Kto ma usunąć martwe zwierzęta z drogi? Gliwiczanin zadzwonił na 112 i otrzymał od policji mandat

Mieszkaniec Gliwic rozjechał na drodze kota. Wielu kierowców pozostawia w takiej sytuacji ofiarę potrącenia na ulicy, ale on postanowił się zatrzymać i zawiadomić odpowiednie służby o martwym zwierzęciu.

Efekt? Mężczyzna zapłaci teraz mandat w kwocie 150 zł.

– Dnia 1.09.2017 w Sośnicy potrąciłem kota i zadzwoniłem pod numer alarmowy 112 żeby wezwać odpowiednie służby, aby uprzątnęli martwe zwierzę. Pod numerem alarmowym zapytałem się, czy mogę stać na drodze, by już nikt nie jeździł dalej po kocie. Pani z nr alarmowego powiedziała mi, że mogę. No to stałem. Po rozłączeniu czekałem na odpowiednie służby. Po około 40 min przyjechała policja – relacjonuje gliwiczanin.


W opinii gliwiczanina policjanci byli zirytowani, że musieli przyjechać. Zawzięli się na mężczyznę i na wstępie zaproponowali mu mandat w wysokości 600 zł. Gdy po chwili zobaczyli samochód, chcieli zabrać mu dowód rejestracyjny, ponieważ tydzień wcześniej miał w Zabrzu kolizję.

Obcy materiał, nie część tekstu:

lemma dyadic_partition_split:
  assumes P: "dyadic_partition A" and p: "p \<in> A"
  shows "dyadic_partition (A - {p} \<union> {child0 p, child1 p})"
  unfolding dyadic_partition_def
proof (intro conjI ballI)
  fix x :: real assume x: "x \<in> {0..1}"
  then obtain a where a: "a \<in> A" "in_node a x" "\<And>b. b \<in> A \<Longrightarrow> in_node b x \<Longrightarrow> b = a"
    using P unfolding dyadic_partition_def by blast
  show "\<exists>!b\<in>A - {p} \<union> {child0 p, child1 p}. in_node b x"
    using a p in_node_children[of p x] in_node_child_disjoint[of p x] by (cases "a = p") blast+
next
  fix b assume "b \<in> A - {p} \<union> {child0 p, child1 p}"
  then show "valid_node b" using P p valid_node_children unfolding dyadic_partition_def by blast
qed

definition reached :: "node set \<Rightarrow> node \<Rightarrow> bool" where
  "reached A n \<longleftrightarrow> (\<exists>a\<in>A. subnode a n)"

lemma children_not_reached:
  assumes P: "dyadic_partition A" and p: "p \<in> A" and c: "c = child0 p \<or> c = child1 p"
  shows "\<not> reached A c"
proof
  assume "reached A c"
  then obtain a where a: "a \<in> A" "subnode a c" unfolding reached_def by blast
  define x where "x = real (snd a) / 2 ^ fst a"
  have x: "x \<in> {0..1}" "in_node a x"
    using valid_node_left_end P a(1) unfolding x_def dyadic_partition_def by blast+
  then have "in_node p x" using subnode_in_node[OF a(2)] c in_node_children by blast
  then have "a = p" using dyadic_partition_unique[OF P x(1) a(1) p x(2)] by blast
  moreover have "fst c \<le> fst a" using subnode_level_ge[OF a(2)] .
  ultimately show False using c by (auto simp: child0_def child1_def)
qed

lemma reached_split_iff:
  assumes "p \<in> A" "n \<noteq> child0 p" "n \<noteq> child1 p"
  shows "reached (A - {p} \<union> {child0 p, child1 p}) n \<longleftrightarrow> reached A n"
  using assms subnode_childD subnode_child0 unfolding reached_def by blast

lemma update_cases:
  fixes L :: real and T :: nat and A D n s
  defines "Y' \<equiv> midpoint_query L (ilen n) (rng (D n)) s"
  obtains (check_low) "\<not> qlo (D n)"
    "update L T (A, D) n s =
       (A, D(n := finish_check L (ilen n) ((D n)\<lparr>qlo := True, dub := (dub (D n) \<or> s)\<rparr>)))"
  | (check_high) "qlo (D n)" "\<not> qhi (D n)"
    "update L T (A, D) n s =
       (A, D(n := finish_check L (ilen n) ((D n)\<lparr>qhi := True, dub := (dub (D n) \<or> \<not> s)\<rparr>)))"
  | (bisect) "qlo (D n)" "qhi (D n)" "snd Y' - fst Y' < max (4 * L * ilen n) (4 * L / real T)"
    "update L T (A, D) n s = (A - {n} \<union> {child0 n, child1 n},
       D(n := (D n)\<lparr>rng := Y'\<rparr>, child0 n := fresh Y', child1 n := fresh Y'))"
  | (shrink) "qlo (D n)" "qhi (D n)" "\<not> snd Y' - fst Y' < max (4 * L * ilen n) (4 * L / real T)"
    "update L T (A, D) n s = (A, D(n := (D n)\<lparr>rng := Y'\<rparr>))"
  using that unfolding Y'_def
  by (cases "qlo (D n)"; cases "qhi (D n)") (auto simp: update_def Let_def child0_def child1_def)

lemma finish_check_simps [simp]:
  "chk (finish_check L l d) = chk d" "dub (finish_check L l d) = dub d"
  "qlo (finish_check L l d) = qlo d" "qhi (finish_check L l d) = qhi d"
  by (simp_all add: finish_check_def)

definition bounded_by :: "real \<Rightarrow> real \<times> real \<Rightarrow> bool" where
  "bounded_by L Y \<longleftrightarrow> fst Y \<in> {0..L} \<and> snd Y \<in> {0..L}"

definition state_bounded :: "real \<Rightarrow> (node \<Rightarrow> nst) \<Rightarrow> bool" where
  "state_bounded L D \<longleftrightarrow> (\<forall>n. bounded_by L (chk (D n)) \<and> bounded_by L (rng (D n)))"

lemma bounded_by_midpoint_query:
  assumes "0 \<le> L" "0 \<le> l" "bounded_by L Y"
  shows "bounded_by L (midpoint_query L l Y s)"
proof -
  define c where "c = L * l"
  have "0 \<le> c" using assms(1,2) by (simp add: c_def)
  then show ?thesis
    using assms(3) unfolding bounded_by_def midpoint_query_def Let_def c_def[symmetric]
    by (auto simp: field_simps)
qed

lemma bounded_by_finish_check:
  assumes "0 \<le> L" "0 \<le> l" "bounded_by L (chk d)" "bounded_by L (rng d)"
  shows "bounded_by L (rng (finish_check L l d))"
proof -
  define c where "c = L * l"
  have "0 \<le> c" using assms(1,2) by (simp add: c_def)
  then show ?thesis
    using assms(1,3,4) unfolding bounded_by_def finish_check_def c_def[symmetric] by auto
qed

lemma state_bounded_fun_upd:
  "state_bounded L D \<Longrightarrow> bounded_by L (chk d) \<Longrightarrow> bounded_by L (rng d) \<Longrightarrow> state_bounded L (D(n := d))"
  by (simp add: state_bounded_def)

lemma state_bounded_update:
  assumes "0 \<le> L" "state_bounded L D"
  shows "state_bounded L (snd (update L T (A, D) n s))"
proof -
  have "bounded_by L (chk (D n))" "bounded_by L (rng (D n))"
    using assms(2) unfolding state_bounded_def by blast+
  then show ?thesis
    by (cases rule: update_cases[of D n L T A s])
      (simp_all add: state_bounded_fun_upd assms fresh_def ilen_nonneg
        bounded_by_finish_check bounded_by_midpoint_query)
qed

lemma dyadic_partition_update:
  assumes "dyadic_partition A" "n \<in> A"
  shows "dyadic_partition (fst (update L T (A, D) n s))"
  using dyadic_partition_split[OF assms]
  by (cases rule: update_cases[of D n L T A s]) (simp_all add: assms(1))

lemma round_node_Suc:
  "round_node L T f xs cs (Suc m) = node_of (run L T f xs cs m) (xs (Suc m))"
  by (simp add: round_node_def)

lemma run_Suc_round:
  "run L T f xs cs (Suc m) = update L T (run L T f xs cs m) (round_node L T f xs cs (Suc m))
     (signal f (xs (Suc m)) (guess_at L T f xs cs (Suc m)) (cs (Suc m)))"
  by (simp add: round_node_def guess_at_def Let_def)

lemma run_invariant:
  assumes "0 \<le> L" "\<forall>t\<in>{1..T}. xs t \<in> {0..1}" "m \<le> T"
  shows "dyadic_partition (fst (run L T f xs cs m)) \<and> state_bounded L (snd (run L T f xs cs m))"
  using assms(3)
proof (induction m)
  case 0
  show ?case
    using dyadic_partition_level[of 3] assms(1)
    by (simp add: init_state_def state_bounded_def bounded_by_def fresh_def)
next
  case (Suc m)
  obtain A D where st: "run L T f xs cs m = (A, D)" by fastforce
  with Suc have "dyadic_partition A" "state_bounded L D" by auto
  moreover have "xs (Suc m) \<in> {0..1}" using assms(2) Suc.prems by simp
  ultimately show ?case
    using node_of_in_partition dyadic_partition_update state_bounded_update[OF assms(1)]
    unfolding run_Suc_round round_node_Suc st by auto
qed

section \<open>The potential of an uncorrupted interval\<close>

definition node_points :: "node \<Rightarrow> real set" where
  "node_points n = {y \<in> {0..1}. in_node n y}"

lemma lipschitz_on_node_points:
  assumes "L-lipschitz_on {0..1} f" "y \<in> node_points n" "z \<in> node_points n"
  shows "\<bar>f y - f z\<bar> \<le> L * ilen n"
proof -
  have "\<bar>f y - f z\<bar> \<le> L * \<bar>y - z\<bar>"
    using lipschitz_onD[OF assms(1)] assms(2,3) by (auto simp: node_points_def dist_real_def)
  also have "\<dots> \<le> L * ilen n"
    using in_node_dist_le[of n y z] lipschitz_on_nonneg[OF assms(1)] assms(2,3)
    by (auto simp: node_points_def intro!: mult_left_mono)
  finally show ?thesis .
qed

definition sound_record :: "real \<Rightarrow> (real \<Rightarrow> real) \<Rightarrow> node \<Rightarrow> nst \<Rightarrow> bool" where
  "sound_record L f n d \<longleftrightarrow>
     (qlo d \<and> \<not> dub d \<longrightarrow> (\<forall>y\<in>node_points n. fst (chk d) - L * ilen n \<le> f y))
   \<and> (qhi d \<and> \<not> dub d \<longrightarrow> (\<forall>y\<in>node_points n. f y \<le> snd (chk d) + L * ilen n))
   \<and> (qlo d \<and> qhi d \<longrightarrow> (\<forall>y\<in>node_points n. f y \<in> {fst (rng d)..snd (rng d)}))"

lemma sound_record_fresh: "sound_record L f n (fresh Y)"
  by (simp add: sound_record_def fresh_def)

lemma sound_record_finish_check:
  assumes "f ` {0..1} \<subseteq> {0..L}"
    and "\<And>y. qlo d \<Longrightarrow> \<not> dub d \<Longrightarrow> y \<in> node_points n \<Longrightarrow> fst (chk d) - L * ilen n \<le> f y"
    and "\<And>y. qhi d \<Longrightarrow> \<not> dub d \<Longrightarrow> y \<in> node_points n \<Longrightarrow> f y \<le> snd (chk d) + L * ilen n"
  shows "sound_record L f n (finish_check L (ilen n) d)"
  using assms by (auto simp: sound_record_def finish_check_def node_points_def image_subset_iff)

lemma finish_check_width_le:
  "0 \<le> L \<Longrightarrow> qlo d \<Longrightarrow> qhi d \<Longrightarrow> snd (rng (finish_check L l d)) - fst (rng (finish_check L l d)) \<le> L"
  by (auto simp: finish_check_def min_def max_def)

Panowie policjanci powiedzieli, że my jesteśmy w Gliwicach, a nie w Zabrzu, po tym jeden z policjantów usunął kota spychając go nogą na chodnik. Kazali mi zjechać na pobocze i podejść

– opisuje sprawca potrącenia.

– Po podejściu do radiowozu pan policjant chyba nie wiedział za co mnie ukarać i zacząć szukać w wyszukiwarce Google, a drugi policjant wypisywał protokół zdarzenia. W końcu policjant najwyraźniej znalazł i postanowił mnie ukarać mandatem w kwocie 150 zł. Uzasadnił to w mandacie: niedopełnienie obowiązku usunięcia pojazdu z jezdni po zdarzeniu – dodaje gliwiczanin.

Po zakończeniu interwencji policjanci odjechali, a kota pozostawili na chodniku przy płocie. Dwa dni później, w niedzielę, kota w miejscu zdarzenia już nie było. Nie wiadomo, czy posprzątał go dobry człowiek, czy służby miejskie odpowiedzialne za usuwanie martwych zwierząt.

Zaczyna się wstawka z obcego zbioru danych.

lemma sb_map_iso_conditions:
  fixes \<phi> \<phi>1 \<sigma> :: "'a::{finite, ab_group_add} \<Rightarrow> 'a"
  assumes "additive \<phi>"
    and iso: "skew_brace_iso (sb_add y) (sb_circ \<phi> y z) (sb_add y1) (sb_circ \<phi>1 y1 z1) (sb_map \<sigma> t)"
  shows "is_aut \<sigma> \<and> \<phi>1 \<circ> \<sigma> = \<sigma> \<circ> \<phi> \<and> \<sigma> y = y1 \<and> z1 = \<phi>1 t + \<sigma> z"
proof -
  have bij: "bij \<sigma>"
    and h_add: "\<And>a b. sb_map \<sigma> t (sb_add y a b) = sb_add y1 (sb_map \<sigma> t a) (sb_map \<sigma> t b)"
    and h_circ: "\<And>a b. sb_map \<sigma> t (sb_circ \<phi> y z a b)
                         = sb_circ \<phi>1 y1 z1 (sb_map \<sigma> t a) (sb_map \<sigma> t b)"
    using iso by (auto simp: skew_brace_iso_def bij_sb_map_iff)
  have "additive \<sigma>"
  proof
    show "\<sigma> (a + b) = \<sigma> a + \<sigma> b" for a b
      using h_add[of "(a, False)" "(b, False)"] by (simp add: sb_defs)
  qed
  then interpret \<sigma>: additive \<sigma> .
  have "\<phi>1 (\<sigma> f) = \<sigma> (\<phi> f)" for f
    using h_circ[of "(f, False)" "(0, True)"] by (simp add: sb_defs \<sigma>.add \<sigma>.zero algebra_simps)
  moreover have y: "\<sigma> y = y1"
    using h_add[of "(0, True)" "(0, True)"] by (simp add: sb_defs)
  moreover have "z1 = \<phi>1 t + \<sigma> z"
    using h_circ[of "(0, True)" "(0, True)"] y additive.zero[OF assms(1)]
    by (simp add: sb_defs \<sigma>.add \<sigma>.diff \<sigma>.zero algebra_simps)
  ultimately show ?thesis
    using bij \<open>additive \<sigma>\<close> by (auto simp: is_aut_def is_endo_iff_additive)
qed

lemma sb_map_iso_of_conditions:
  fixes \<phi> \<phi>1 \<sigma> :: "'a::{finite, ab_group_add} \<Rightarrow> 'a"
  assumes "additive \<phi>1"
    and "is_aut \<sigma>" "\<phi>1 \<circ> \<sigma> = \<sigma> \<circ> \<phi>" and y: "\<sigma> y = y1" and z1: "z1 = \<phi>1 t + \<sigma> z"
  shows "skew_brace_iso (sb_add y) (sb_circ \<phi> y z) (sb_add y1) (sb_circ \<phi>1 y1 z1) (sb_map \<sigma> t)"
proof -
  have bij: "bij \<sigma>" and "additive \<sigma>" and comm: "\<And>f. \<phi>1 (\<sigma> f) = \<sigma> (\<phi> f)"
    using assms(2,3) by (auto simp: is_aut_def is_endo_iff_additive fun_eq_iff)
  then interpret \<sigma>: additive \<sigma> by simp
  note hom = \<sigma>.add \<sigma>.minus \<sigma>.diff additive.add[OF assms(1)] comm y z1
  show ?thesis
    unfolding skew_brace_iso_def bij_sb_map_iff
  proof (intro conjI allI bij)
    fix a b :: "'a \<times> bool"
    obtain f1 k1 f2 k2 where ab: "a = (f1, k1)" "b = (f2, k2)"
      by fastforce
    show "sb_map \<sigma> t (sb_add y a b) = sb_add y1 (sb_map \<sigma> t a) (sb_map \<sigma> t b)"
      unfolding ab by (cases k1; cases k2) (simp_all add: sb_defs hom algebra_simps)
    show "sb_map \<sigma> t (sb_circ \<phi> y z a b) = sb_circ \<phi>1 y1 z1 (sb_map \<sigma> t a) (sb_map \<sigma> t b)"
      unfolding ab by (cases k1; cases k2) (simp_all add: sb_defs hom algebra_simps)
  qed
qed

lemma sb_map_iso_iff:
  fixes \<phi> \<phi>1 \<sigma> :: "'a::{finite, ab_group_add} \<Rightarrow> 'a"
  assumes "additive \<phi>" "additive \<phi>1"
  shows "skew_brace_iso (sb_add y) (sb_circ \<phi> y z) (sb_add y1) (sb_circ \<phi>1 y1 z1) (sb_map \<sigma> t)
    \<longleftrightarrow> is_aut \<sigma> \<and> \<phi>1 \<circ> \<sigma> = \<sigma> \<circ> \<phi> \<and> \<sigma> y = y1 \<and> z1 = \<phi>1 t + \<sigma> z"
  using sb_map_iso_conditions[OF assms(1)] sb_map_iso_of_conditions[OF assms(2)] by blast

lemma conj_by_bij_iff_comp:
  assumes "bij \<sigma>"
  shows "\<phi>1 = \<sigma> \<circ> \<phi> \<circ> inv \<sigma> \<longleftrightarrow> \<phi>1 \<circ> \<sigma> = \<sigma> \<circ> \<phi>"
proof
  assume "\<phi>1 = \<sigma> \<circ> \<phi> \<circ> inv \<sigma>"
  then show "\<phi>1 \<circ> \<sigma> = \<sigma> \<circ> \<phi>"
    using bij_is_inj[OF assms] by (simp add: fun_eq_iff)
next
  assume "\<phi>1 \<circ> \<sigma> = \<sigma> \<circ> \<phi>"
  then show "\<phi>1 = \<sigma> \<circ> \<phi> \<circ> inv \<sigma>"
    using bij_is_surj[OF assms] by (metis comp_assoc comp_id surj_iff)
qed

Opóźnienie w dotarciu patrolu policji oraz zachowanie funkcjonariuszy zbulwersowało gliwiczanina.
Jak się dowiedzieliśmy, funkcjonariusze nie mogli jednak przybyć wcześniej na miejsce zdarzenia ponieważ wszystkie patrole były w tym czasie zajęte innymi interwencjami.
Wystawienie mandatu za blokowanie pasa ruchu także miało uzasadnienie w obowiązujących przepisach prawa. Artykuł 90. kodeksu wykroczeń mówi: Kto tamuje lub utrudnia ruch na drodze publicznej lub w strefie zamieszkania,podlega karze grzywny albo karze nagany.

Kto odpowiada za usunięcie martwych zwierząt

Za usuwanie martwych zwierząt z terenu gminy Gliwice (znajdujących się m.in. w pasie drogi), odpowiada Wydział Przedsięwzięć Gospodarczych i Usług Komunalnych Urzędu Miejskiego w Gliwicach – informuje komendant Centrum Ratownictwa w Gliwicach, Tomasz Wójcik.

– Dyżurni Powiatowego Centrum Zarządzania Kryzysowego dla miasta Gliwice dysponują numerami kontaktowymi do wykonawcy usługi, z którym ww. Wydział ma podpisaną umowę na określony czas i w przypadku otrzymania tego typu zgłoszenia, przekazują je firmie w celu podjęcia stosownej interwencji – wyjaśnia komendant.

Maksymalny czas na podjęcie interwencji wynosi 2 godziny od momentu wezwania, także w dni wolne od pracy.